[DATA SHOWN]
________________________________________

lemma Inter_shift_pre_chain:
  assumes trans: "\<And>k. k < j \<Longrightarrow>
      Y k \<inter> shift_pre l 1 (Y (Suc k)) = cyl l [a k] \<inter> shift_pre l 1 (Y (Suc k))"
  shows "(\<Inter>k\<le>j. shift_pre l k (Y k)) = cyl l (map a [0..<j]) \<inter> shift_pre l j (Y j)"
  using trans
proof (induction j)
  case 0
  then show ?case by (auto simp: cyl_Nil shift_pre_0)
next
  case (Suc j)
  have IH: "(\<Inter>k\<le>j. shift_pre l k (Y k)) = cyl l (map a [0..<j]) \<inter> shift_pre l j (Y j)"
    by (rule Suc.IH, rule Suc.prems) simp
  have "(\<Inter>k\<le>Suc j. shift_pre l k (Y k))
      = cyl l (map a [0..<j]) \<inter> shift_pre l j (Y j \<inter> shift_pre l 1 (Y (Suc j)))"
    by (simp add: IH atMost_Suc shift_pre_Int shift_pre_shift_pre Int_ac)
  also have "\<dots> = cyl l (map a [0..<j]) \<inter> shift_pre l j (cyl l [a j] \<inter> shift_pre l 1 (Y (Suc j)))"
    using Suc.prems[of j] by simp
  also have "\<dots> = cyl l (map a [0..<j]) \<inter> shift_pre l j (cyl l [a j])
      \<inter> shift_pre l (Suc j) (Y (Suc j))"
    by (simp add: shift_pre_Int shift_pre_shift_pre Int_assoc)
  also have "\<dots> = cyl l (map a [0..<Suc j]) \<inter> shift_pre l (Suc j) (Y (Suc j))"
    using cyl_append[of l "map a [0..<j]" "[a j]"] by simp
  finally show ?case .
qed

text \<open>\<open>qp Q w\<close> is the product of the transition probabilities along the word \<open>w\<close>;
  \<open>mu Q p w\<close> is the Markov weight of the cylinder over \<open>w\<close>.\<close>
fun qp :: "(nat \<Rightarrow> nat \<Rightarrow> real) \<Rightarrow> nat list \<Rightarrow> real" where
  "qp Q (a # b # w) = Q a b * qp Q (b # w)"
| "qp Q _ = 1"

definition mu :: "(nat \<Rightarrow> nat \<Rightarrow> real) \<Rightarrow> (nat \<Rightarrow> real) \<Rightarrow> nat list \<Rightarrow> real" where
  "mu Q p w = p (w ! 0) * qp Q w"

lemma prod_qp: "(\<Prod>i<length w - 1. Q (w!i) (w!Suc i)) = qp Q w"
proof (induction Q w rule: qp.induct)
  case (1 Q a b w)
  have "(\<Prod>i<length (a # b # w) - 1. Q ((a # b # w) ! i) ((a # b # w) ! Suc i))
       = Q a b * (\<Prod>i<length (b # w) - 1. Q ((b # w) ! i) ((b # w) ! Suc i))"
    by (simp add: prod.lessThan_Suc_shift del: prod.lessThan_Suc)
  then show ?case using 1 by simp
qed auto

lemma qp_append: "v \<noteq> [] \<Longrightarrow> qp Q (w @ v) = qp Q (w @ [hd v]) * qp Q v"
proof (induction w)
  case (Cons a w)
  then show ?case by (cases w; cases v) auto
qed simp

lemma qp_nonneg: "(\<forall>i\<le>l. \<forall>j\<le>l. 0 \<le> Q i j) \<Longrightarrow> set w \<subseteq> {..l} \<Longrightarrow> 0 \<le> qp Q w"
  by (induction Q w rule: qp.induct) auto

text \<open>The weight of a concatenation factorises through the joining symbol \<open>c\<close>:
  this is the Markov property of the weights themselves.\<close>
lemma mu_append:
  assumes "v \<noteq> []" "hd v = c" "p c \<noteq> 0"
  shows "mu Q p (w @ v) = mu Q p (w @ [c]) / p c * mu Q p v"
proof -
  have "(w @ v) ! 0 = (w @ [c]) ! 0" "v ! 0 = c"
    using assms by (cases w; cases v; simp)+
  then show ?thesis using assms qp_append[OF assms(1), of Q w] by (simp add: mu_def field_simps)
qed

section \<open>The Markov measure\<close>

locale markov_measure =
  fixes l :: nat and Q :: "nat \<Rightarrow> nat \<Rightarrow> real" and p :: "nat \<Rightarrow> real"
    and m :: "(nat \<Rightarrow> nat) measure"
  assumes ms: "markov_shift l Q p m"
begin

________________________________________

[EXERCISE] Which lines of the records above contain the word "length"? Report each one.

[SOLUTION FOR THIS EXERCISE]
lemma prod_qp: "(\<Prod>i<length w - 1. Q (w!i) (w!Suc i)) = qp Q w"
  have "(\<Prod>i<length (a # b # w) - 1. Q ((a # b # w) ! i) ((a # b # w) ! Suc i))
       = Q a b * (\<Prod>i<length (b # w) - 1. Q ((b # w) ! i) ((b # w) ! Suc i))"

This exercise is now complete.